Caterpillars (ˈ/k æ t ə rp ɪ l ə r - 🐛) are the wormlike larva of a butterfly or moth. [1] Just as caterpillars undergo a metamorphosis, caterpillar facilitates the metamorphosis of data structures into runtime objects.
This document aims to address burning questions regarding design and availability. It provides an overview of the aspects covered by this framework and those that it doesn’t. In general, this library was designed to enhance the process of reverse engineering binary structures using readable and shareable code. The use of “static” [2] class definitions delivers advantages but also brings up some problems that we need to discuss.
Why use Caterpillar?#
There are several reasons to incorporate this library into your code. Some of the scenarios where Caterpillar can be beneficial including
Quick Reverse Engineering: When you need to rapidly reverse engineer a binary structure.
Creating Presentable Binary Structures: When there’s a task to create a binary structure, and the result should be presentable.
Have some fun: or when you just want to experiment and play around in Python.
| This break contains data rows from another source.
lemma five_pair_defects_solvable_iff:
  fixes \<beta> \<gamma> :: "nat \<Rightarrow> 'a::idom"
  assumes sum_\<beta>: "(\<Sum>i<5. \<beta> i) = 0" and sum_\<gamma>: "(\<Sum>i<5. \<gamma> i) = 0"
    and nonzero: "\<beta> 0 \<noteq> 0" "\<beta> 1 \<noteq> 0" "\<beta> 0 + \<beta> 1 \<noteq> 0"
      "\<gamma> 0 \<noteq> 0" "\<gamma> 1 \<noteq> 0" "\<gamma> 0 + \<gamma> 1 \<noteq> 0"
  shows "pair_defects_solvable 5 \<beta> \<gamma> \<longleftrightarrow>
    \<gamma> 0 * \<beta> 1 * (\<gamma> 2 + \<gamma> 3) * \<beta> 4 - \<beta> 0 * \<gamma> 1 * (\<beta> 2 + \<beta> 3) * \<gamma> 4 = 0 \<and>
    \<gamma> 0 * \<beta> 1 * \<gamma> 2 * (\<beta> 3 + \<beta> 4) - \<beta> 0 * \<gamma> 1 * \<beta> 2 * (\<gamma> 3 + \<gamma> 4) = 0"
    (is "_ \<longleftrightarrow> ?P1 = 0 \<and> ?P2 = 0")
proof -
  define D where "D p s r i = pair_defect (\<beta> i) (\<gamma> i) (p + (\<Sum>l<i. \<gamma> l) * r) (s - (\<Sum>l<i. \<beta> l) * r) r"
    for p s r i
  have first_four: "(\<forall>i<5. D p s r i = 0) \<longleftrightarrow>
      D p s r 0 = 0 \<and> D p s r 1 = 0 \<and> D p s r 2 = 0 \<and> D p s r 3 = 0" for p s r
    using pair_defects_vanish_iff_all_but_last[where m=4 and \<beta>=\<beta> and \<gamma>=\<gamma> and p=p and r=r and s=s] sum_\<beta> sum_\<gamma>
    by (simp add: D_def eval_nat_numeral All_less_Suc conj_ac)
  have last_term: "f 4 = (\<Sum>i<5. f i) - (f 0 + f 1 + f 2 + f 3)" for f :: "nat \<Rightarrow> 'a"
    by (simp add: eval_nat_numeral algebra_simps)
  have \<beta>4: "\<beta> 4 = - (\<beta> 0 + \<beta> 1 + \<beta> 2 + \<beta> 3)" and \<gamma>4: "\<gamma> 4 = - (\<gamma> 0 + \<gamma> 1 + \<gamma> 2 + \<gamma> 3)"
    using last_term[of \<beta>] last_term[of \<gamma>] sum_\<beta> sum_\<gamma> by simp_all
  define \<kappa> where "\<kappa> i = \<gamma> i * (\<Sum>l<i. \<beta> l) + \<beta> i * (\<Sum>l<i. \<gamma> l) + \<beta> i * \<gamma> i" for i
  have linear: "D p s r i = \<gamma> i * s + (- \<beta> i) * p + (- \<kappa> i) * r" for p s r i
    by (simp add: D_def pair_defect_def \<kappa>_def algebra_simps)
  have \<kappa>_values: "\<kappa> 0 = \<beta> 0 * \<gamma> 0" "\<kappa> 1 = \<gamma> 1 * \<beta> 0 + \<beta> 1 * \<gamma> 0 + \<beta> 1 * \<gamma> 1"
    "\<kappa> 2 = \<gamma> 2 * (\<beta> 0 + \<beta> 1) + \<beta> 2 * (\<gamma> 0 + \<gamma> 1) + \<beta> 2 * \<gamma> 2"
    "\<kappa> 3 = \<gamma> 3 * (\<beta> 0 + \<beta> 1 + \<beta> 2) + \<beta> 3 * (\<gamma> 0 + \<gamma> 1 + \<gamma> 2) + \<beta> 3 * \<gamma> 3"
    by (simp_all add: \<kappa>_def eval_nat_numeral)
  show ?thesis
    unfolding pair_defects_solvable_def D_def[symmetric] first_four
  proof
    assume "\<exists>p s r. p * s \<noteq> 0 \<and> D p s r 0 = 0 \<and> D p s r 1 = 0 \<and> D p s r 2 = 0 \<and> D p s r 3 = 0"
    then obtain p s r where "s \<noteq> 0"
      and eqs: "D p s r 0 = 0" "D p s r 1 = 0" "D p s r 2 = 0" "D p s r 3 = 0"
      by auto
    note eqs = eqs[unfolded linear]
    have "?P2 = 0"
      using det3_eq_0_if_kernel_nonzero[OF eqs(1) eqs(2) eqs(3) \<open>s \<noteq> 0\<close>]
      unfolding \<kappa>_values \<beta>4 \<gamma>4 by (simp add: algebra_simps)
    moreover have "?P2 - ?P1 = 0"
      using det3_eq_0_if_kernel_nonzero[OF eqs(1) eqs(2) eqs(4) \<open>s \<noteq> 0\<close>]
      unfolding \<kappa>_values \<beta>4 \<gamma>4 by (simp add: algebra_simps)
    ultimately show "?P1 = 0 \<and> ?P2 = 0" by simp
  next
    assume P: "?P1 = 0 \<and> ?P2 = 0"
    \<comment> \<open>the cross product of the coefficient vectors of the first two equations\<close>
    define p where "p = \<gamma> 0 * \<beta> 1 * (\<gamma> 0 + \<gamma> 1)"
    define s where "s = \<beta> 0 * \<gamma> 1 * (\<beta> 0 + \<beta> 1)"
    define r where "r = \<gamma> 1 * \<beta> 0 - \<beta> 1 * \<gamma> 0"
    have "D p s r 0 = 0" "D p s r 1 = 0" "D p s r 2 = - ?P2" "D p s r 3 = ?P2 - ?P1"
      unfolding linear \<kappa>_values p_def s_def r_def \<beta>4 \<gamma>4 by (simp_all add: algebra_simps)
    moreover have "p * s \<noteq> 0"
      using nonzero by (simp add: p_def s_def)
    ultimately show "\<exists>p s r. p * s \<noteq> 0 \<and> D p s r 0 = 0 \<and> D p s r 1 = 0 \<and> D p s r 2 = 0 \<and> D p s r 3 = 0"
      using P by auto
  qed
qed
The biggest advantage of Caterpillar is the lack of external dependencies (though extensions can be integrated using dependencies). Additionally, the minimal lines of code required to define structures speak for themselves, as demonstrated in the following example from examples/formats/caf:
1@struct(order=BigEndian)
2class CAFChunk:
3 # Include other structs just like that
4 chunk_header: CAFChunkHeader
5 # Built-in support for switch-case structures
6 data: Field(this.chunk_header.chunk_type) >> {
7 b"desc": CAFAudioFormat,
8 b"info": CAFStringsChunk,
9 b"pakt": CAFPacketTable,
10 b"data": CAFData,
11 b"free": padding[this.chunk_header.chunk_size],
12 # the fallback struct given with a default option
13 DEFAULT_OPTION: Bytes(this.chunk_header.chunk_size),
14 }
How does this even work?#
Caterpillar utilizes Python’s annotations to build its model from processing class definitions. With the use of Python 3.12, there are no conflicts in using annotations for defining fields.
@struct
class Format:
# <name> : <field> [ = <default_value> ]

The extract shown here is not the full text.